__What you are asked to do__:
Please output exactly the part of the records below that opens with the line containing "text \<open>A pure" and closes with the line containing "i.e. with N", both lines included, and nothing else.

(Dataset entries)
┄┄┄┄┄┄┄┄┄┄

(* Let PS1 and PS2 be pure strategies (as in the context) with $m_{PS1}$ finite, and suppose PS2 is complementary to PS1, i.e. $\Delta_{PS1}(X)<\Delta_{PS2}(X)$ for some $X\in\mathcal{S}_{\mathrm{non}}$. Then there exists a mixed strategy MS derived from PS1 and PS2 such that $m_{MS}(X)\le m_{PS1}(X)$ for every initial population $X$ and $m_{MS}(X)<m_{PS1}(X)$ for some initial population $X$.
   Context: A fitness function $f$ on a finite set is to be maximised. A metaheuristic generates populations $\Phi_0,\Phi_1,\dots$. Let $\mathcal{S}$ be the finite set of all populations, $\mathcal{S}_{\mathrm{opt}}$ those containing at least one optimal solution, $\mathcal{S}_{\mathrm{non}}=\mathcal{S}\setminus\mathcal{S}_{\mathrm{opt}}$. The sequence is a time-homogeneous Markov chain on $\mathcal{S}$ with transition probabilities $P(X,Y)=\Pr(\Phi_{t+1}=Y\mid\Phi_t=X)$, every state of $\mathcal{S}_{\mathrm{opt}}$ absorbing. The expected hitting time $m(X)\in[0,\infty]$ is the expected number of generations until first entering $\mathcal{S}_{\mathrm{opt}}$ from $\Phi_0=X$ ($m(X)=0$ on $\mathcal{S}_{\mathrm{opt}}$). A pure strategy is such a time-independent transition matrix. PS1, PS2 are pure strategies with transition matrices $P_1,P_2$ on the same $\mathcal{S}$ (with $\mathcal{S}_{\mathrm{opt}}$ absorbing), expected hitting times $m_{PS1},m_{PS2}$. A mixed strategy MS derived from PS1 and PS2 assigns to each $X\in\mathcal{S}$ probabilities $P_X(PS1)\in[0,1]$, $P_X(PS2)=1-P_X(PS1)$, and has transition matrix $P_{MS}(X,Y)=P_X(PS1)P_1(X,Y)+P_X(PS2)P_2(X,Y)$, with expected hitting time $m_{MS}$. With $d(X)=m_{PS1}(X)$, for $X\in\mathcal{S}_{\mathrm{non}}$: $\Delta_{PS1}(X)=d(X)-\sum_{Y\in\mathcal{S}_{\mathrm{non}}}P_1(X,Y)d(Y)$, $\Delta_{PS2}(X)=d(X)-\sum_{Y\in\mathcal{S}_{\mathrm{non}}}P_2(X,Y)d(Y)$. *)

theory Defs
  imports "HOL-Analysis.Analysis"
begin

text \<open>A pure strategy: a time-homogeneous transition matrix on the finite set S of
populations, with every state of Sopt absorbing.\<close>
definition transition_matrix :: "'a set \<Rightarrow> 'a set \<Rightarrow> ('a \<Rightarrow> 'a \<Rightarrow> real) \<Rightarrow> bool" where
  "transition_matrix S Sopt P \<longleftrightarrow>
     (\<forall>X\<in>S. \<forall>Y\<in>S. 0 \<le> P X Y) \<and>
     (\<forall>X\<in>S. (\<Sum>Y\<in>S. P X Y) = 1) \<and>
     (\<forall>X\<in>Sopt. P X X = 1)"

text \<open>surv N P t X = Pr(Phi_0, ..., Phi_t all lie in N | Phi_0 = X),
  i.e. with N = S_non, the probability that the hitting time of S_opt exceeds t.\<close>
fun surv :: "'a set \<Rightarrow> ('a \<Rightarrow> 'a \<Rightarrow> real) \<Rightarrow> nat \<Rightarrow> 'a \<Rightarrow> real" where
  "surv N P 0 X = (if X \<in> N then 1 else 0)"
| "surv N P (Suc t) X = (if X \<in> N then (\<Sum>Y\<in>N. P X Y * surv N P t Y) else 0)"

text \<open>Expected hitting time of S_opt (values in [0,\<infinity>]), via E[T] = sum_{t\<ge>0} Pr(T > t).\<close>
definition hit_time :: "'a set \<Rightarrow> 'a set \<Rightarrow> ('a \<Rightarrow> 'a \<Rightarrow> real) \<Rightarrow> 'a \<Rightarrow> ennreal" where
  "hit_time S Sopt P X = (\<Sum>t. ennreal (surv (S - Sopt) P t X))"

definition mixed :: "('a \<Rightarrow> real) \<Rightarrow> ('a \<Rightarrow> 'a \<Rightarrow> real) \<Rightarrow> ('a \<Rightarrow> 'a \<Rightarrow> real) \<Rightarrow> 'a \<Rightarrow> 'a \<Rightarrow> real" where
  "mixed p P1 P2 X Y = p X * P1 X Y + (1 - p X) * P2 X Y"

definition drift :: "'a set \<Rightarrow> 'a set \<Rightarrow> ('a \<Rightarrow> real) \<Rightarrow> ('a \<Rightarrow> 'a \<Rightarrow> real) \<Rightarrow> 'a \<Rightarrow> real" where
  "drift S Sopt d P X = d X - (\<Sum>Y\<in>S - Sopt. P X Y * d Y)"

end

theory Submission
  imports Defs
begin

text \<open>The expected hitting time d = m_PS1 solves the first-step equation
  d X = 1 + (\<Sum>Y\<in>S_non. P1 X Y * d Y) on S_non. Complementarity at X0 means
  (\<Sum>Y\<in>S_non. P2 X0 Y * d Y) < (\<Sum>Y\<in>S_non. P1 X0 Y * d Y), so the mixed strategy that plays
  PS2 at X0 and PS1 elsewhere has a transition matrix Q with 1 + Q d \<le> d on S_non, strictly
  at X0. Any nonnegative such supersolution d bounds all partial sums of the survival
  probabilities under Q, hence bounds the expected hitting time under Q; one further step
  of the recursion at X0 gives the strict inequality there.\<close>

lemma surv_nonneg:
  assumes "\<forall>X\<in>N. \<forall>Y\<in>N. 0 \<le> Q X Y"
  shows "0 \<le> surv N Q t X"
  using assms by (induction t arbitrary: X) (auto intro!: sum_nonneg)

lemma surv_notin: "X \<notin> N \<Longrightarrow> surv N Q t X = 0"
  by (cases t) auto

lemma sum_surv_lessThan_Suc:
  assumes "X \<in> N"
  shows "(\<Sum>t<Suc n. surv N Q t X) = 1 + (\<Sum>Y\<in>N. Q X Y * (\<Sum>t<n. surv N Q t Y))"
proof -
  have "(\<Sum>t<Suc n. surv N Q t X) = surv N Q 0 X + (\<Sum>t<n. surv N Q (Suc t) X)"
    by (rule sum.lessThan_Suc_shift)
  also have "\<dots> = 1 + (\<Sum>t<n. \<Sum>Y\<in>N. Q X Y * surv N Q t Y)"
    using assms by simp
  also have "\<dots> = 1 + (\<Sum>Y\<in>N. Q X Y * (\<Sum>t<n. surv N Q t Y))"
    by (simp add: sum_distrib_left sum.swap[of _ "{..<n}"])
  finally show ?thesis .
qed

lemma sum_surv_le_supersolution:
  assumes Q: "\<forall>X\<in>N. \<forall>Y\<in>N. 0 \<le> Q X Y" and d: "\<And>X. 0 \<le> d X"
    and super: "\<forall>X\<in>N. 1 + (\<Sum>Y\<in>N. Q X Y * d Y) \<le> d X"
  shows "(\<Sum>t<n. surv N Q t X) \<le> d X"
proof (induction n arbitrary: X)
  case 0
  then show ?case using d by simp
next
  case (Suc n)
  show ?case
  proof (cases "X \<in> N")
    case True
    have "(\<Sum>t<Suc n. surv N Q t X) = 1 + (\<Sum>Y\<in>N. Q X Y * (\<Sum>t<n. surv N Q t Y))"
      using True by (rule sum_surv_lessThan_Suc)
    also have "\<dots> \<le> 1 + (\<Sum>Y\<in>N. Q X Y * d Y)"
      using Suc.IH Q True by (auto intro!: sum_mono mult_left_mono)
    also have "\<dots> \<le> d X" using super True by auto
    finally show ?thesis .
  next
    case False
    then show ?thesis using d by (simp add: surv_notin)
  qed
qed

lemma suminf_ennreal_le_of_partial_sums:
  assumes "\<And>t. 0 \<le> f t" and "\<And>n. (\<Sum>t<n. f t) \<le> c"
  shows "(\<Sum>t. ennreal (f t)) \<le> ennreal c"
  unfolding suminf_eq_SUP
proof (rule SUP_least)
  fix n
  show "(\<Sum>t<n. ennreal (f t)) \<le> ennreal c"
    using assms by (simp add: ennreal_leI)
qed

lemma hit_time_le_supersolution:
  assumes Q: "\<forall>X\<in>S - Sopt. \<forall>Y\<in>S - Sopt. 0 \<le> Q X Y" and d: "\<And>X. 0 \<le> d X"
    and super: "\<forall>X\<in>S - Sopt. 1 + (\<Sum>Y\<in>S - Sopt. Q X Y * d Y) \<le> d X"
  shows "hit_time S Sopt Q X \<le> ennreal (d X)"
  unfolding hit_time_def
  by (rule suminf_ennreal_le_of_partial_sums[OF surv_nonneg[OF Q]
        sum_surv_le_supersolution[OF Q d super]])

lemma hit_time_le_supersolution_step:
  assumes Q: "\<forall>X\<in>S - Sopt. \<forall>Y\<in>S - Sopt. 0 \<le> Q X Y" and d: "\<And>X. 0 \<le> d X"
    and super: "\<forall>X\<in>S - Sopt. 1 + (\<Sum>Y\<in>S - Sopt. Q X Y * d Y) \<le> d X"
    and X: "X \<in> S - Sopt"
  shows "hit_time S Sopt Q X \<le> ennreal (1 + (\<Sum>Y\<in>S - Sopt. Q X Y * d Y))"
  unfolding hit_time_def
proof (rule suminf_ennreal_le_of_partial_sums[OF surv_nonneg[OF Q]])
  fix n
  have step_nonneg: "0 \<le> 1 + (\<Sum>Y\<in>S - Sopt. Q X Y * d Y)"
    using Q d X by (auto intro!: add_nonneg_nonneg sum_nonneg)
  show "(\<Sum>t<n. surv (S - Sopt) Q t X) \<le> 1 + (\<Sum>Y\<in>S - Sopt. Q X Y * d Y)"
  proof (cases n)
    case 0
    then show ?thesis using step_nonneg by simp
  next
    case (Suc m)
    have "(\<Sum>t<Suc m. surv (S - Sopt) Q t X)
          = 1 + (\<Sum>Y\<in>S - Sopt. Q X Y * (\<Sum>t<m. surv (S - Sopt) Q t Y))"
      using X by (rule sum_surv_lessThan_Suc)
    also have "\<dots> \<le> 1 + (\<Sum>Y\<in>S - Sopt. Q X Y * d Y)"
      using sum_surv_le_supersolution[OF Q d super] Q X by (auto intro!: sum_mono mult_left_mono)
    finally show ?thesis using Suc by simp
  qed
qed

lemma summable_surv_if_hit_time_finite:
  assumes P: "\<forall>X\<in>S - Sopt. \<forall>Y\<in>S - Sopt. 0 \<le> P X Y"
    and fin: "\<forall>X\<in>S. hit_time S Sopt P X < \<infinity>"
  shows "summable (\<lambda>t. surv (S - Sopt) P t X)"
proof (cases "X \<in> S")
  case True
  show ?thesis
  proof (rule summable_suminf_not_top)
    show "\<And>t. 0 \<le> surv (S - Sopt) P t X" using P by (rule surv_nonneg)
    show "(\<Sum>t. ennreal (surv (S - Sopt) P t X)) \<noteq> top"
      using fin True by (auto simp: hit_time_def)
  qed
next
  case False
  then show ?thesis by (simp add: surv_notin)
qed

lemma hit_time_eq_suminf:
  assumes P: "\<forall>X\<in>S - Sopt. \<forall>Y\<in>S - Sopt. 0 \<le> P X Y"
    and fin: "\<forall>X\<in>S. hit_time S Sopt P X < \<infinity>"
  shows "hit_time S Sopt P X = ennreal (\<Sum>t. surv (S - Sopt) P t X)"
  unfolding hit_time_def
  using surv_nonneg[OF P] summable_surv_if_hit_time_finite[OF P fin]
  by (intro suminf_ennreal_eq) (auto intro: summable_sums)

lemma hit_time_first_step:
  assumes "finite S"
    and P: "\<forall>X\<in>S - Sopt. \<forall>Y\<in>S - Sopt. 0 \<le> P X Y"
    and fin: "\<forall>X\<in>S. hit_time S Sopt P X < \<infinity>"
    and X: "X \<in> S - Sopt"
  defines "d \<equiv> \<lambda>Y. enn2real (hit_time S Sopt P Y)"
  shows "d X = 1 + (\<Sum>Y\<in>S - Sopt. P X Y * d Y)"
proof -
  let ?N = "S - Sopt"
  have summ: "\<And>Y. summable (\<lambda>t. surv ?N P t Y)"
    by (rule summable_surv_if_hit_time_finite[OF P fin])
  have d_eq: "d Y = (\<Sum>t. surv ?N P t Y)" for Y
    unfolding d_def hit_time_eq_suminf[OF P fin]
    by (simp add: suminf_nonneg summ surv_nonneg[OF P])
  have "d X = surv ?N P 0 X + (\<Sum>t. surv ?N P (Suc t) X)"
    unfolding d_eq using suminf_split_head[OF summ[of X]] by simp
  also have "\<dots> = 1 + (\<Sum>t. \<Sum>Y\<in>?N. P X Y * surv ?N P t Y)"
    using X by simp
  also have "\<dots> = 1 + (\<Sum>Y\<in>?N. \<Sum>t. P X Y * surv ?N P t Y)"
    using \<open>finite S\<close> by (subst suminf_sum) (auto intro: summable_mult summ)
  also have "\<dots> = 1 + (\<Sum>Y\<in>?N. P X Y * d Y)"
    by (simp add: d_eq suminf_mult summ)
  finally show ?thesis .
qed

lemma hit_time_improvement:
  assumes "finite S"
    and P: "\<forall>X\<in>S - Sopt. \<forall>Y\<in>S - Sopt. 0 \<le> P X Y"
    and Q: "\<forall>X\<in>S - Sopt. \<forall>Y\<in>S - Sopt. 0 \<le> Q X Y"
    and fin: "\<forall>X\<in>S. hit_time S Sopt P X < \<infinity>"
  defines "d \<equiv> \<lambda>Y. enn2real (hit_time S Sopt P Y)"
  assumes le: "\<forall>X\<in>S - Sopt. (\<Sum>Y\<in>S - Sopt. Q X Y * d Y) \<le> (\<Sum>Y\<in>S - Sopt. P X Y * d Y)"
    and X0: "X0 \<in> S - Sopt"
    and less: "(\<Sum>Y\<in>S - Sopt. Q X0 Y * d Y) < (\<Sum>Y\<in>S - Sopt. P X0 Y * d Y)"
  shows "hit_time S Sopt Q X \<le> hit_time S Sopt P X"
    and "hit_time S Sopt Q X0 < hit_time S Sopt P X0"
proof -
  let ?N = "S - Sopt"
  have first_step: "X \<in> ?N \<Longrightarrow> d X = 1 + (\<Sum>Y\<in>?N. P X Y * d Y)" for X
    unfolding d_def by (rule hit_time_first_step[OF assms(1) P fin])
  have hit_P: "hit_time S Sopt P X = ennreal (d X)" for X
    using fin by (cases "X \<in> S") (auto simp: d_def hit_time_def surv_notin less_top)
  have d_nonneg: "\<And>X. 0 \<le> d X" by (simp add: d_def)
  have super: "\<forall>X\<in>?N. 1 + (\<Sum>Y\<in>?N. Q X Y * d Y) \<le> d X"
  proof
    fix X assume "X \<in> ?N"
    then show "1 + (\<Sum>Y\<in>?N. Q X Y * d Y) \<le> d X"
      using first_step[of X] le by auto
  qed
  show "hit_time S Sopt Q X \<le> hit_time S Sopt P X"
    unfolding hit_P by (rule hit_time_le_supersolution[OF Q d_nonneg super])
  have "hit_time S Sopt Q X0 \<le> ennreal (1 + (\<Sum>Y\<in>?N. Q X0 Y * d Y))"
    by (rule hit_time_le_supersolution_step[OF Q d_nonneg super X0])
  also have "\<dots> < ennreal (d X0)"
  proof (rule ennreal_lessI)
    have "0 \<le> (\<Sum>Y\<in>?N. P X0 Y * d Y)"
      using P X0 d_nonneg by (auto intro!: sum_nonneg)
    then show "0 < d X0" using first_step[OF X0] by linarith
    show "1 + (\<Sum>Y\<in>?N. Q X0 Y * d Y) < d X0" using first_step[OF X0] less by linarith
  qed
  finally show "hit_time S Sopt Q X0 < hit_time S Sopt P X0" by (simp only: hit_P)
qed

theorem lemma3:
  fixes S Sopt :: "'a set" and P1 P2 :: "'a \<Rightarrow> 'a \<Rightarrow> real"
  assumes "finite S" and "Sopt \<subseteq> S"
    and "transition_matrix S Sopt P1" and "transition_matrix S Sopt P2"
    and "\<forall>X\<in>S. hit_time S Sopt P1 X < \<infinity>"
    and "\<exists>X\<in>S - Sopt.
           drift S Sopt (\<lambda>Y. enn2real (hit_time S Sopt P1 Y)) P1 X
         < drift S Sopt (\<lambda>Y. enn2real (hit_time S Sopt P1 Y)) P2 X"
  shows "\<exists>p :: 'a \<Rightarrow> real. (\<forall>X\<in>S. 0 \<le> p X \<and> p X \<le> 1) \<and>
           (\<forall>X\<in>S. hit_time S Sopt (mixed p P1 P2) X \<le> hit_time S Sopt P1 X) \<and>
           (\<exists>X\<in>S. hit_time S Sopt (mixed p P1 P2) X < hit_time S Sopt P1 X)"
proof -
  let ?N = "S - Sopt"
  let ?d = "\<lambda>Y. enn2real (hit_time S Sopt P1 Y)"
  have P1: "\<forall>X\<in>?N. \<forall>Y\<in>?N. 0 \<le> P1 X Y" and P2: "\<forall>X\<in>?N. \<forall>Y\<in>?N. 0 \<le> P2 X Y"
    using assms(3,4) by (auto simp: transition_matrix_def)
  obtain X0 where X0: "X0 \<in> ?N"
    and gap: "(\<Sum>Y\<in>?N. P2 X0 Y * ?d Y) < (\<Sum>Y\<in>?N. P1 X0 Y * ?d Y)"
    using assms(6) by (auto simp: drift_def)
  define p where "p = (\<lambda>X. if X = X0 then 0 else (1::real))"
  have Q: "mixed p P1 P2 X = (if X = X0 then P2 X else P1 X)" for X
    by (simp add: mixed_def p_def fun_eq_iff)
  have Q_nonneg: "\<forall>X\<in>?N. \<forall>Y\<in>?N. 0 \<le> mixed p P1 P2 X Y"
    using P1 P2 by (simp add: Q)
  have le: "\<forall>X\<in>?N. (\<Sum>Y\<in>?N. mixed p P1 P2 X Y * ?d Y) \<le> (\<Sum>Y\<in>?N. P1 X Y * ?d Y)"
    using gap by (simp add: Q)
  have less: "(\<Sum>Y\<in>?N. mixed p P1 P2 X0 Y * ?d Y) < (\<Sum>Y\<in>?N. P1 X0 Y * ?d Y)"
    using gap by (simp add: Q)
  show ?thesis
    using hit_time_improvement[OF assms(1) P1 Q_nonneg assms(5) le X0 less] X0 by (intro exI[of _ p]) (auto simp: p_def)
qed

end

┄┄┄┄┄┄┄┄┄┄

__Reply to the exercise__:
text \<open>A pure strategy: a time-homogeneous transition matrix on the finite set S of
populations, with every state of Sopt absorbing.\<close>
definition transition_matrix :: "'a set \<Rightarrow> 'a set \<Rightarrow> ('a \<Rightarrow> 'a \<Rightarrow> real) \<Rightarrow> bool" where
  "transition_matrix S Sopt P \<longleftrightarrow>
     (\<forall>X\<in>S. \<forall>Y\<in>S. 0 \<le> P X Y) \<and>
     (\<forall>X\<in>S. (\<Sum>Y\<in>S. P X Y) = 1) \<and>
     (\<forall>X\<in>Sopt. P X X = 1)"

text \<open>surv N P t X = Pr(Phi_0, ..., Phi_t all lie in N | Phi_0 = X),
  i.e. with N = S_non, the probability that the hitting time of S_opt exceeds t.\<close>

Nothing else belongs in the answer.